Play-pen (n.) play-pen:   Where the Big Boys play hard with their big heavy toys, i.e. Great Dorset Steam Fair Heavy Haulage Arena. Often fenced with orange netting.

Pox-Doctors (pl.n.) pox-doct-ors:   The "38 Mob" of Didcot Railway Enthusiasts currently restoring the Great Western Railway 38xx class steam locomotive. Known as Pox Doctors due to their habitual wearing of long coats and top hats, they swear allegiance to Dr. Death's Freak Show and pride themselves on their ability to drink vast quantities of real ale.
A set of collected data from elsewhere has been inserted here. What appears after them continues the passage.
lemma D0_subalg_zero: "0 \<in> D0_subalg j"
  using D0_subalg.sc[of 0 j] by (simp add: sc_zero)
lemma D0_subalg_one: "1 \<in> D0_subalg j"
  using D0_subalg.sc[of 1 j] by (simp add: sc_one)
lemma D0_subalg_sc_mult: "x \<in> D0_subalg j \<Longrightarrow> sc r * x \<in> D0_subalg j"
  by (rule D0_subalg.mult[OF D0_subalg.sc])
lemma D0_subalg_uminus: "x \<in> D0_subalg j \<Longrightarrow> - x \<in> D0_subalg j"
  using D0_subalg_sc_mult[of x j "-1"] by (simp add: sc_uminus sc_one)
lemma D0_subalg_diff: "x \<in> D0_subalg j \<Longrightarrow> y \<in> D0_subalg j \<Longrightarrow> x - y \<in> D0_subalg j"
  using D0_subalg.add[OF _ D0_subalg_uminus] by simp
lemma D0_subalg_sum: "(\<And>i. i \<in> A \<Longrightarrow> f i \<in> D0_subalg j) \<Longrightarrow> sum f A \<in> D0_subalg j"
  by (induction A rule: infinite_finite_induct) (auto simp: D0_subalg_zero D0_subalg.add)

lemma Ycommute_D0_subalg:
  assumes "\<And>i. 1 \<le> i \<Longrightarrow> i \<le> j \<Longrightarrow> Ycommute z (D0 i)" and "x \<in> D0_subalg j"
  shows "Ycommute z x"
  using assms(2)
  by (induction x rule: D0_subalg.induct) (auto intro: Ycommute_sc Ycommute_add Ycommute_mult assms(1))

lemma D0_subalg_Ycommute:
  assumes "x \<in> D0_subalg j" and "y \<in> D0_subalg j'"
  shows "Ycommute x y"
proof -
  have "Ycommute (D0 i) y" if "1 \<le> i" for i
    using Ycommute_D0_subalg[OF _ assms(2)] Ycommute_D0_D0 that by blast
  then have "Ycommute y x"
    using Ycommute_D0_subalg[OF _ assms(1)] Ycommute_sym by blast
  then show ?thesis by (rule Ycommute_sym)
qed

lemma D0_subalg_fps_nth_power:
  assumes "\<And>i. i \<le> M \<Longrightarrow> fps_nth f i \<in> D0_subalg J" and "N \<le> M"
  shows "fps_nth (f ^ j) N \<in> D0_subalg J"
  using assms(2)
proof (induction j arbitrary: N)
  case 0
  then show ?case by (simp add: D0_subalg_zero D0_subalg_one)
next
  case (Suc j)
  have "fps_nth (f ^ Suc j) N = (\<Sum>i=0..N. fps_nth f i * fps_nth (f ^ j) (N - i))"
    unfolding power_Suc fps_mult_nth ..
  also have "\<dots> \<in> D0_subalg J"
    using Suc by (intro D0_subalg_sum D0_subalg.mult assms(1)) auto
  finally show ?case .
qed

lemma D0_subalg_fps_nth_power_lower:
  assumes "fps_nth f 0 = 0" and "\<And>i. i < N \<Longrightarrow> fps_nth f i \<in> D0_subalg J" and "2 \<le> j"
  shows "fps_nth (f ^ j) N \<in> D0_subalg J"
proof -
  obtain j' where j: "j = Suc j'" "1 \<le> j'"
    using assms(3) by (cases j) auto
  have f_pow_0: "fps_nth (f ^ j') 0 = 0"
    using j(2) assms(1) by (simp add: fps_nth_power_0 zero_power)
  have "fps_nth (f ^ j) N = (\<Sum>i=0..N. fps_nth f i * fps_nth (f ^ j') (N - i))"
    unfolding j power_Suc fps_mult_nth ..
  also have "\<dots> \<in> D0_subalg J"
  proof (intro D0_subalg_sum)
    fix i assume "i \<in> {0..N}"
    show "fps_nth f i * fps_nth (f ^ j') (N - i) \<in> D0_subalg J"
    proof (cases "i = 0 \<or> i = N")
      case True
      then show ?thesis using assms(1) f_pow_0 by (auto simp: D0_subalg_zero)
    next
      case False
      then have "i < N" "N - i < N" using \<open>i \<in> {0..N}\<close> by auto
      then show ?thesis
        by (intro D0_subalg.mult assms(2) D0_subalg_fps_nth_power[of "N - 1"]) auto
    qed
  qed
  finally show ?thesis .
qed

section \<open>Binomial shifts\<close>

definition binom_shift :: "complex \<Rightarrow> (nat \<Rightarrow> FA) \<Rightarrow> nat \<Rightarrow> FA" where
  "binom_shift a G n = (\<Sum>k\<le>n. cst (of_nat (n choose k) * a ^ (n - k)) * G k)"

definition D0_shift :: "complex \<Rightarrow> nat \<Rightarrow> FA" where
  "D0_shift a m = (\<Sum>k=1..m. cst (of_nat ((m - 1) choose (k - 1)) * a ^ (m - k)) * D0 k)"

lemma D0_shift_eq_binom_shift:
  assumes "1 \<le> m"
  shows "D0_shift a m = binom_shift a (\<lambda>k. D0 (k + 1)) (m - 1)"
proof -
  obtain M where m: "m = Suc M" using assms by (cases m) auto
  show ?thesis
    unfolding D0_shift_def binom_shift_def m
    by (simp only: One_nat_def sum.shift_bounds_cl_Suc_ivl atLeast0AtMost) simp
qed

lemma D0_shift_in_D0_subalg: "D0_shift a m \<in> D0_subalg m"
  unfolding D0_shift_def cst_def
  by (intro D0_subalg_sum D0_subalg_sc_mult D0_subalg.D0) auto
lemma decaying_solution:
  assumes "solves u" and "u \<longlonglongrightarrow> 0"
  obtains A B where "\<And>n. u n = A * root 1 ^ n + B * root (-1) ^ n"
    and "A \<noteq> 0 \<Longrightarrow> decaying 1" and "B \<noteq> 0 \<Longrightarrow> decaying (-1)"
    and "of_real (1 + p) * \<beta> * u 1 = of_real r * (A * of_real (a + 1) + B * of_real (a - 1))"
proof (cases "\<beta> = 0")
  case True
  have "r = 0 \<or> a = 0 \<or> (\<forall>n. u (Suc n) = 0)"
    using assms(1) unfolding solves_def by (simp add: True)
  then have tail: "u (Suc n) = 0" for n
    using r_pos a_eq_pm1_if_degenerate[OF True] by auto
  have roots: "root 1 = 0" "root (-1) = 0" using root_eq_0_if_degenerate[OF True] by auto
  from a_eq_pm1_if_degenerate[OF True] show ?thesis
  proof
    assume "a = 1"
    show ?thesis
    proof (rule that[of 0 "u 0"])
      show "u n = 0 * root 1 ^ n + u 0 * root (-1) ^ n" for n
        using tail by (cases n) (simp_all add: roots)
    qed (unfold decaying_def, use True \<open>a = 1\<close> p_bound in auto)
  next
    assume "a = -1"
    show ?thesis
    proof (rule that[of "u 0" 0])
      show "u n = u 0 * root 1 ^ n + 0 * root (-1) ^ n" for n
        using tail by (cases n) (simp_all add: roots)
    qed (unfold decaying_def, use True \<open>a = -1\<close> p_bound in auto)
  qed
next
  case False
  have distinct: "root 1 \<noteq> root (-1)"
    using False of_real_one_plus_p_nonzero r_pos unfolding root_def by (simp add: divide_cancel_right)
  have rec: "of_real (1 + p) * \<beta> * u (n+2) + - of_real (2 * r * a) * u (n+1)
      + - (of_real (1 - p) * cnj \<beta>) * u n = 0" for n
    using assms(1) by (simp add: solves_def)
  have char: "of_real (1 + p) * \<beta> * (root \<sigma>)\<^sup>2 + - of_real (2 * r * a) * root \<sigma>
      + - (of_real (1 - p) * cnj \<beta>) = 0" if "\<sigma> = 1 \<or> \<sigma> = -1" for \<sigma>
    using root_char_eq[OF that] by simp
  have "of_real (1 + p) * \<beta> \<noteq> 0" using False of_real_one_plus_p_nonzero by simp
  then obtain A B where AB: "\<And>n. u n = A * root 1 ^ n + B * root (-1) ^ n"
    using second_order_recurrence_closed_form[OF rec _ char char distinct] by blast
  have "u = (\<lambda>n. A * root 1 ^ n + B * root (-1) ^ n)" using AB by blast
  with assms(2) have lim: "(\<lambda>n. A * root 1 ^ n + B * root (-1) ^ n) \<longlonglongrightarrow> 0" by simp
  have "A \<noteq> 0 \<Longrightarrow> decaying 1"
    using geometric_combination_tendsto_0_coeff_eq_0[OF lim distinct] norm_root_less_1_iff[of 1] False
    by (meson not_le)
  moreover have "B \<noteq> 0 \<Longrightarrow> decaying (-1)"
  proof -
    have "(\<lambda>n. B * root (-1) ^ n + A * root 1 ^ n) \<longlonglongrightarrow> 0" using lim by (simp add: add.commute)
    then show "B \<noteq> 0 \<Longrightarrow> decaying (-1)"
      using geometric_combination_tendsto_0_coeff_eq_0 distinct norm_root_less_1_iff[of "-1"] False
      by (metis not_le)
  qed
  moreover have "of_real (1 + p) * \<beta> * u 1 = of_real r * (A * of_real (a + 1) + B * of_real (a - 1))"
  proof -
    have "of_real (1 + p) * \<beta> * u 1
        = A * (of_real (1 + p) * \<beta> * root 1) + B * (of_real (1 + p) * \<beta> * root (-1))"
      using AB[of 1] by (simp add: algebra_simps)
    also have "\<dots> = A * of_real (r * (a + 1)) + B * of_real (r * (a + -1))"
      using scaled_root[of 1] scaled_root[of "-1"] False by simp
    finally show ?thesis by (simp add: algebra_simps)
  qed
  ultimately show ?thesis using that AB by blast
qed
lemma dmul_re_walk:
  assumes "simple_graph E"
  shows "dmul_re E (walk E w) = (\<lambda>u. 2 * mat_vec (discr E) (dmul_re E w) u - dmul_re E (shift_re E w) u)"
proof
  fix u
  have "walk E w = (\<lambda>a. 2 * shift_re E (dstar_re E (dmul_re E w)) a - shift_re E w a)"
    by (simp add: walk_def shift_re_def fun_eq_iff)
  then have "dmul_re E (walk E w) u =
      2 * dmul_re E (shift_re E (dstar_re E (dmul_re E w))) u - dmul_re E (shift_re E w) u"
    by (simp only: dmul_re_diff)
  then show "dmul_re E (walk E w) u = 2 * mat_vec (discr E) (dmul_re E w) u - dmul_re E (shift_re E w) u"
    by (simp add: dmul_re_shift_re_dstar_re[OF assms])
qed

lemma dmul_re_shift_re_walk:
  assumes sg: "simple_graph E"
  shows "dmul_re E (shift_re E (walk E w)) = dmul_re E w"
proof -
  have "dmul_re E (shift_re E (walk E w)) = dmul_re E (\<lambda>a. 2 * dstar_re E (dmul_re E w) a - w a)"
    by (rule dmul_re_cong) (simp add: walk_def shift_re_shift_re[OF sg])
  also have "\<dots> = dmul_re E w"
    using dmul_re_dstar_re_eq[OF sg dmul_re_isolated[OF sg]] by (simp add: dmul_re_diff fun_eq_iff)
  finally show ?thesis .
qed
(* Let $(\Gamma,\mathbbm{m})$ be a bipartite Brauer graph with bipartition $V=V_1\sqcup V_2$, and let $Q'_\Gamma$, $I'_\Gamma$ be as below. Let $R_\Gamma$ be the set of the following pairs $(s,\varphi_s)$: (a) for each edge $\bar h$ joining a non-truncated vertex $v\in V_1$ to a vertex $w\in V_2$: $(C_{v,\bar h}^{\mathbbm{m}(v)},\,C_{w,\bar h}^{\mathbbm{m}(w)})$; (b) for each half-edge $h$ with $s(h)\in V_2$: $(C_{\alpha_h}^{\mathbbm{m}(s(h))}\alpha_h,\,0)$; (c) for all arrows $\alpha,\beta$ of $Q'_\Gamma$ with $t(\beta)=o(\alpha)$ and $\sigma(\alpha)\neq\beta$: $(\alpha\beta,0)$. Then $R_\Gamma$ is a reduction system for $\Bbbk Q'_\Gamma$ which satisfies the diamond condition for $I'_\Gamma$. Consequently the paths of $Q'_\Gamma$ containing no $s$ (with $(s,\varphi_s)\in R_\Gamma$) as a subpath project to a $\Bbbk$-basis of $\Bbbk Q'_\Gamma/I'_\Gamma\cong B_\Gamma$.
   Context: Throughout, $\Bbbk$ is an algebraically closed field of characteristic $0$. Paths are written right to left ($\alpha_n\cdots\alpha_1$ starts with $\alpha_1$); $o(p),t(p)$ are origin and terminus; $e_x$ is the trivial path at $x$. A ribbon graph is $\Gamma=(V,H,s,\iota,\rho)$: $V$ finite (vertices), $H$ finite (half-edges), $s:H\to V$, $\iota$ a fixed-point-free involution of $H$, $\rho$ a permutation of $H$ whose cycles are exactly the sets $H_v=s^{-1}(v)$. Edges are $\bar h=\{h,\iota(h)\}$, joining $s(h)$ and $s(\iota(h))$; $\mathrm{val}(v)=|H_v|$; $h^\pm=\rho^{\pm1}(h)$; $\Gamma$ connected. A Brauer graph is $(\Gamma,\mathbbm{m})$, $\mathbbm{m}:V\to\mathbb{Z}_{>0}$; $v$ is truncated if $\mathbbm{m}(v)=\mathrm{val}(v)=1$. $Q_\Gamma$ has vertex set the edges and arrows $\alpha_h:\bar h\to\overline{h^+}$ ($h\in H$), called arrows around $s(h)$; $\sigma(\alpha_h)=\alpha_{h^-}$; for $\alpha=\alpha_h$, $C_\alpha=\alpha\sigma(\alpha)\cdots\sigma^{l}(\alpha)$ with $l+1=\mathrm{val}(s(h))$ (cycle at $t(\alpha)$ with last arrow $\alpha$), $\mathbbm{m}(C_\alpha)=\mathbbm{m}(s(h))$. For an edge $\bar h$ and an endpoint $u$ of $\bar h$, $C_{u,\bar h}$ denotes $C_\alpha$ for the arrow $\alpha$ around $u$ ending at $\bar h$. $I_\Gamma$ is generated by (I) $\alpha\beta$ for arrows with $t(\beta)=o(\alpha)$, $\beta\ne\sigma(\alpha)$, and (II) for each edge $\bar h$ with endpoints $u,u'$ (as half-edges $h,\iota(h)$), $C_{u,\bar h}^{\mathbbm{m}(u)}-C_{u',\bar h}^{\mathbbm{m}(u')}$. $B_\Gamma=\Bbbk Q_\Gamma/I_\Gamma$. $\Gamma$ is bipartite if $V=V_1\sqcup V_2$ with every edge joining $V_1$ to $V_2$. $Q'_\Gamma$ is obtained from $Q_\Gamma$ by deleting the loops $\alpha_h$ with $s(h)\in V_1$ truncated, and $I'_\Gamma=I_\Gamma\cap\Bbbk Q'_\Gamma$. A reduction system for $\Bbbk Q$ is a set $R$ of pairs $(s,\varphi_s)$ with $s$ a path of length $\ge2$, no $s$ a subpath of a different $s'$, and $\varphi_s$ a linear combination of paths parallel to $s$ (same origin and terminus) none of which contains any $s'$ as a subpath. A reduction replaces, in a path $p=qsr$, the subpath $s$ by $\varphi_s$ (giving $q\varphi_s r$, extended linearly). $R$ satisfies the diamond condition for an ideal $I$ if (i) $I$ is generated by $\{s-\varphi_s\}$ and (ii) every path is reduction-unique: all sequences of reductions terminate and all lead to the same element spanned by irreducible paths (paths containing no $s$). *)

theory Defs
  imports Main
begin

text \<open>A path is a pair (origin, arrows), where the arrow list is written right to left
  (composition order): the path [a_n, ..., a_1] starts with a_1.  The origin component
  is only needed to distinguish trivial paths e_x.\<close>

type_synonym ('x,'a) path = "'x \<times> 'a list"

definition valid_path :: "'x set \<Rightarrow> 'a set \<Rightarrow> ('a \<Rightarrow> 'x) \<Rightarrow> ('a \<Rightarrow> 'x) \<Rightarrow> ('x,'a) path \<Rightarrow> bool" where
  "valid_path Vq A src tgt p \<longleftrightarrow>
     fst p \<in> Vq \<and> set (snd p) \<subseteq> A \<and>
     (snd p \<noteq> [] \<longrightarrow> src (last (snd p)) = fst p) \<and>
     (\<forall>i. Suc i < length (snd p) \<longrightarrow> src (snd p ! i) = tgt (snd p ! Suc i))"
lemma first_vanishing_time:
  fixes y :: "'j \<Rightarrow> real \<Rightarrow> real"
  assumes "finite J" and cont: "\<And>i. i \<in> J \<Longrightarrow> continuous_on {0..T} (y i)"
    and pos0: "\<And>i. i \<in> J \<Longrightarrow> y i 0 > 0" and "j \<in> J" "0 \<le> T" "y j T \<le> 0"
  obtains \<tau> i where "0 < \<tau>" "\<tau> \<le> T" "i \<in> J" "y i \<tau> = 0"
    "\<And>i s. i \<in> J \<Longrightarrow> 0 \<le> s \<Longrightarrow> s < \<tau> \<Longrightarrow> y i s > 0"
    "\<And>i. i \<in> J \<Longrightarrow> y i \<tau> \<ge> 0"
proof -
  define Z where "Z = (\<Union>i\<in>J. {0..T} \<inter> y i -` {..0})"
  have "closed Z"
    unfolding Z_def using \<open>finite J\<close>
    by (intro closed_UN ballI continuous_closed_preimage cont) auto
  moreover have "T \<in> Z" unfolding Z_def using assms by auto
  moreover have "bdd_below Z" unfolding Z_def by (auto intro: bdd_belowI[where m=0])
  ultimately have "Inf Z \<in> Z" and Inf_le: "\<And>s. s \<in> Z \<Longrightarrow> Inf Z \<le> s"
    by (auto intro: closed_contains_Inf cInf_lower)
  define \<tau> where "\<tau> = Inf Z"
  obtain i where i: "i \<in> J" "y i \<tau> \<le> 0" "0 \<le> \<tau>" "\<tau> \<le> T"
    using \<open>Inf Z \<in> Z\<close> unfolding Z_def \<tau>_def by auto
  have before: "y i' s > 0" if "i' \<in> J" "0 \<le> s" "s < \<tau>" for i' s
  proof (rule ccontr)
    assume "\<not> y i' s > 0"
    then have "s \<in> Z" unfolding Z_def using that i by (force simp: not_less)
    then show False using Inf_le that unfolding \<tau>_def by fastforce
  qed
  have "\<tau> > 0" using i pos0 by (cases "\<tau> = 0") force+
  have at_\<tau>: "y i' \<tau> \<ge> 0" if i': "i' \<in> J" for i'
  proof (rule ccontr)
    assume neg: "\<not> y i' \<tau> \<ge> 0"
    have "continuous_on {0..\<tau>} (y i')"
      using cont[OF i'] by (rule continuous_on_subset) (use i in auto)
    then obtain s where "0 \<le> s" "s \<le> \<tau>" "y i' s = 0"
      using IVT2'[of "y i'" \<tau> 0 0] neg pos0[OF i'] i by force
    then show False using before[OF i'] neg by (cases "s = \<tau>") force+
  qed
  show thesis using that[OF \<open>\<tau> > 0\<close> \<open>\<tau> \<le> T\<close> \<open>i \<in> J\<close> _ before at_\<tau>] i at_\<tau>[OF \<open>i \<in> J\<close>] by simp
qed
Quaff (vb.) kwof:   To drink ale in a hearty fashion, usually accompanying feasting, dancing or singing. Like drinking, only you spill more of it. "Oh my head, I was quaffing ale all night!"

Sarneyism (abs.n.) sar-nee-iz-um:   A term brought into usage by Mr. Jim Sarney, a steam engine owner and rally-goer. Examples of Sarneyisms are "Yawp" and "pay-go".

Showlers (pl.n.) show-lerz:   An award was given at Dorset Steam Fair several years running for the tackiest showmans' conversions, engines which started life as handsome steam rollers, bodged to look like ugly showmans' tractors.

SODEM (Acronym, pr.n.) sod-um:   Society Of Drivers and Engine Men. A traction engine society mainly consisting of permanently drunken persons.

South Down (pr.n.) sow-th-dow-n:   Great Dorset Steam fair Rally Site.

Spit-bang (n.) sspit-bang:   Term used derisively to refer to the Stationary Engine section, A.K.A. Barn Engines. See: Pennies For The Poor.

Stourpaine (pr.n.) stow-er-pay-ne:   Most common term referring to the Great Dorset Steam Fair - from the location of the first rally site.

Toad-loader (Lloydism, n.) tode-lo-duh:   Very rude songs liable to offend even the most forgiving prudes. From an adult version of "Tie Me Kangaroo Down", specifically the verse descibing what may be done to a toad.

Turdis (n.) tur-dis:   Blue plastic Portaloo invariably lacking in bog roll.

Yawp (Sarneyism, vb.) yorp:   Loud Noise: "That squeezebox don't half yawp!